+++ INFORMATION PROVIDED +++
lemma sublinear_supporting_linear:
  fixes p :: "'a::real_vector \<Rightarrow> real"
  assumes p: "sublinear p"
  shows "\<exists>f. linear f \<and> (\<forall>x. f x \<le> p x) \<and> f z = p z"
proof -
  have "t * p z \<le> p (t *\<^sub>R z)" for t
  proof (cases t "0 :: real" rule: linorder_cases)
    case less
    have "t * p z \<le> - t * p (- z)"
      using mult_left_mono_neg[OF sublinear_minus_le[OF p, of z], of t] less by simp
    also have "\<dots> = p (t *\<^sub>R z)"
      using sublinear_scaleR[OF p, of "- t" "- z"] less by simp
    finally show ?thesis .
  next
    case equal
    then show ?thesis using sublinear_zero[OF p] by simp
  next
    case greater
    then show ?thesis using sublinear_scaleR[OF p greater, of z] by simp
  qed
  then have "span {(z, p z)} \<subseteq> {(x, a). a \<le> p x}"
    by (auto simp: span_singleton)
  then obtain f where "linear f" "\<forall>x. f x \<le> p x" "\<forall>(x, a)\<in>span {(z, p z)}. f x = a"
    using dominated_subspace_extends_linear[OF p subspace_span] by blast
  moreover have "(z, p z) \<in> span {(z, p z)}"
    by (rule span_base) simp
  ultimately show ?thesis by auto
qed

section \<open>Vector lattices\<close>

context banach_lattice
begin

subclass lattice_ab_group_add ..

end

lemma le_lat_abs: "x \<le> lat_abs x" and minus_le_lat_abs: "- x \<le> lat_abs x"
  unfolding lat_abs_def by simp_all

lemma lat_abs_nonneg: "0 \<le> lat_abs (x :: 'a::lattice_ab_group_add)"
proof -
  have "x + - x \<le> lat_abs x + lat_abs x"
    by (intro add_mono le_lat_abs minus_le_lat_abs)
  then show ?thesis by simp
qed

lemma lat_abs_of_nonneg: "0 \<le> x \<Longrightarrow> lat_abs (x :: 'a::lattice_ab_group_add) = x"
  unfolding lat_abs_def by (simp add: sup_absorb1 minus_le_self_iff)

lemma lat_abs_lat_abs [simp]: "lat_abs (lat_abs (x :: 'a::lattice_ab_group_add)) = lat_abs x"
  by (rule lat_abs_of_nonneg[OF lat_abs_nonneg])

lemma lat_abs_minus [simp]: "lat_abs (- (x :: 'a::lattice_ab_group_add)) = lat_abs x"
  unfolding lat_abs_def by (simp add: sup_commute)

lemma lat_abs_le_iff: "lat_abs x \<le> y \<longleftrightarrow> x \<le> y \<and> - x \<le> y"
  unfolding lat_abs_def by simp

lemma lat_abs_add_le: "lat_abs (a + b) \<le> lat_abs a + lat_abs (b :: 'a::lattice_ab_group_add)"
  unfolding lat_abs_le_iff minus_add_distrib
  by (intro conjI add_mono le_lat_abs minus_le_lat_abs)

lemma inf_add_le_add_inf:
  fixes u a b :: "'a::lattice_ab_group_add"
  assumes "0 \<le> u" "0 \<le> a" "0 \<le> b"
  shows "inf u (a + b) \<le> inf u a + inf u b"
proof -
  have "inf u a + inf u b = inf (inf (u + u) (a + u)) (inf (u + b) (a + b))"
    by (simp only: add_inf_distrib_left add_inf_distrib_right)
  moreover have "inf u (a + b) \<le> inf (inf (u + u) (a + u)) (inf (u + b) (a + b))"
    using assms by (intro le_infI; meson inf.coboundedI1 inf.coboundedI2 order_refl
        add_increasing add_increasing2)
  ultimately show ?thesis by simp
qed

lemma scaleR_inf:
  fixes a b :: "'a::{ordered_real_vector, lattice}"
  assumes "0 < c"
  shows "c *\<^sub>R inf a b = inf (c *\<^sub>R a) (c *\<^sub>R b)"
proof (rule antisym)
  show "c *\<^sub>R inf a b \<le> inf (c *\<^sub>R a) (c *\<^sub>R b)"
    using assms by (simp add: scaleR_le_cancel_left_pos)
  have "inf (c *\<^sub>R a) (c *\<^sub>R b) /\<^sub>R c \<le> inf a b"
    using assms by (simp add: pos_divideR_le_eq le_infI1 le_infI2)
  then show "inf (c *\<^sub>R a) (c *\<^sub>R b) \<le> c *\<^sub>R inf a b"
    by (simp only: pos_divideR_le_eq[OF assms])
qed

lemma scaleR_sup:
  fixes a b :: "'a::{ordered_real_vector, lattice}"
  assumes "0 < c"
  shows "c *\<^sub>R sup a b = sup (c *\<^sub>R a) (c *\<^sub>R b)"
proof (rule antisym)
  show "sup (c *\<^sub>R a) (c *\<^sub>R b) \<le> c *\<^sub>R sup a b"
    using assms by (simp add: scaleR_le_cancel_left_pos)
  have "sup a b \<le> sup (c *\<^sub>R a) (c *\<^sub>R b) /\<^sub>R c"
    using assms by (simp add: pos_le_divideR_eq le_supI1 le_supI2)
  then show "c *\<^sub>R sup a b \<le> sup (c *\<^sub>R a) (c *\<^sub>R b)"
    by (simp only: pos_le_divideR_eq[OF assms])
qed

lemma lat_abs_scaleR:
  "0 < c \<Longrightarrow> lat_abs (c *\<^sub>R x) = c *\<^sub>R lat_abs (x :: 'a::{ordered_real_vector, lattice})"
  unfolding lat_abs_def by (simp add: scaleR_sup)

lemma inf_eq_0_if_le_scaleR:
  fixes a b u v :: "'a::{ordered_real_vector, lattice}"
  assumes "inf a b = 0" "0 \<le> a" "0 \<le> b" "0 \<le> u" "0 \<le> v"
    and "u \<le> s *\<^sub>R a" "v \<le> t *\<^sub>R b" "0 < s" "0 < t"
  shows "inf u v = 0"
proof (rule antisym)
  have "s *\<^sub>R a \<le> (s + t) *\<^sub>R a" "t *\<^sub>R b \<le> (s + t) *\<^sub>R b"
    using assms by (auto intro!: scaleR_right_mono)
  then have "u \<le> (s + t) *\<^sub>R a" "v \<le> (s + t) *\<^sub>R b"
    using assms order_trans by blast+
  then have "inf u v \<le> inf ((s + t) *\<^sub>R a) ((s + t) *\<^sub>R b)"
    by (rule inf_mono)
  also have "\<dots> = 0"
    using assms by (simp flip: scaleR_inf)
  finally show "inf u v \<le> 0" .
  show "0 \<le> inf u v"
    using assms by simp
qed

lemma norm_le_if_lat_abs_le: "lat_abs x \<le> lat_abs y \<Longrightarrow> norm x \<le> norm (y :: 'a::banach_lattice)"
  unfolding lat_abs_def by (rule lattice_norm)

lemma norm_lat_abs [simp]: "norm (lat_abs (x :: 'a::banach_lattice)) = norm x"
  by (intro antisym norm_le_if_lat_abs_le) simp_all

lemma norm_mono_nonneg: "0 \<le> x \<Longrightarrow> x \<le> y \<Longrightarrow> norm x \<le> norm (y :: 'a::banach_lattice)"
  by (rule norm_le_if_lat_abs_le) (simp add: lat_abs_of_nonneg)

section \<open>A band seminorm\<close>

(* It sees |w| only through the ideal generated by y: it vanishes when w is disjoint from y. *)
definition band_norm :: "'a::banach_lattice \<Rightarrow> 'a \<Rightarrow> real" where
  "band_norm y w = (SUP k\<in>{0<..}. norm (inf (lat_abs w) (k *\<^sub>R y)))"

lemma norm_inf_scaleR_le_norm:
  assumes "0 \<le> y" "0 < k"
  shows "norm (inf (lat_abs w) (k *\<^sub>R y)) \<le> norm (w :: 'a::banach_lattice)"
  using norm_mono_nonneg[of "inf (lat_abs w) (k *\<^sub>R y)" "lat_abs w"] assms
  by (simp add: lat_abs_nonneg scaleR_nonneg_nonneg)

lemma bdd_above_norm_inf_scaleR:
  "0 \<le> (y :: 'a::banach_lattice) \<Longrightarrow> bdd_above ((\<lambda>k. norm (inf (lat_abs w) (k *\<^sub>R y))) ` {0<..})"
  by (rule bdd_aboveI2[where M = "norm w"]) (simp add: norm_inf_scaleR_le_norm)

lemma norm_inf_le_band_norm:
  assumes "0 \<le> y" "0 < k"
  shows "norm (inf (lat_abs w) (k *\<^sub>R y)) \<le> band_norm y w"
  unfolding band_norm_def
  by (rule cSUP_upper[OF _ bdd_above_norm_inf_scaleR[OF \<open>0 \<le> y\<close>]]) (use assms in simp)

lemma band_norm_nonneg: "0 \<le> y \<Longrightarrow> 0 \<le> band_norm y w"
  by (rule order_trans[OF norm_ge_zero norm_inf_le_band_norm[OF _ zero_less_one]])

lemma band_norm_le:
  "(\<And>k. 0 < k \<Longrightarrow> norm (inf (lat_abs w) (k *\<^sub>R y)) \<le> B) \<Longrightarrow> band_norm y w \<le> B"
  unfolding band_norm_def by (rule cSUP_least) auto

lemma band_norm_le_norm: "0 \<le> y \<Longrightarrow> band_norm y w \<le> norm w"
  by (rule band_norm_le) (rule norm_inf_scaleR_le_norm)

lemma band_norm_minus [simp]: "band_norm y (- w) = band_norm y w"
  unfolding band_norm_def by simp

lemma norm_le_band_norm:
  assumes "0 \<le> y" "y \<le> lat_abs w"
  shows "norm y \<le> band_norm y w"
  using norm_inf_le_band_norm[OF \<open>0 \<le> y\<close>, of 1 w] assms(2) by (simp add: inf_absorb2)

lemma band_norm_nearly_attained:
  assumes "0 \<le> y"
  shows "\<exists>k>0. band_norm y w \<le> 2 * norm (inf (lat_abs w) (k *\<^sub>R y))"
proof (cases "band_norm y w \<le> 0")
  case True
  then have "band_norm y w \<le> 2 * norm (inf (lat_abs w) (1 *\<^sub>R y))"
    using norm_ge_zero[of "inf (lat_abs w) (1 *\<^sub>R y)"] by linarith
  then show ?thesis
    by (intro exI[of _ 1]) simp
next
  case False
  have "a < band_norm y w \<longleftrightarrow> (\<exists>k\<in>{0<..}. a < norm (inf (lat_abs w) (k *\<^sub>R y)))" for a
    unfolding band_norm_def
    by (rule less_cSUP_iff[OF _ bdd_above_norm_inf_scaleR[OF assms]]) auto
  moreover have "band_norm y w / 2 < band_norm y w"
    using False by linarith
  ultimately obtain k where "0 < k" "band_norm y w / 2 < norm (inf (lat_abs w) (k *\<^sub>R y))"
    by auto
  then show ?thesis
    by (intro exI[of _ k] conjI) linarith+
qed

lemma norm_inf_lat_abs_scaleR:
  fixes y w :: "'a::banach_lattice"
  assumes "0 < c"
  shows "norm (inf (lat_abs (c *\<^sub>R w)) (k *\<^sub>R y)) = c * norm (inf (lat_abs w) ((k / c) *\<^sub>R y))"
proof -
  have "inf (lat_abs (c *\<^sub>R w)) (k *\<^sub>R y) = c *\<^sub>R inf (lat_abs w) ((k / c) *\<^sub>R y)"
    using assms by (simp add: lat_abs_scaleR scaleR_inf)
  then show ?thesis
    using assms by simp
qed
+++
* **TASK ITEM**: Answer with a number only. How many lines in the records include the word "dots"?

* **YOUR SOLUTION**: 2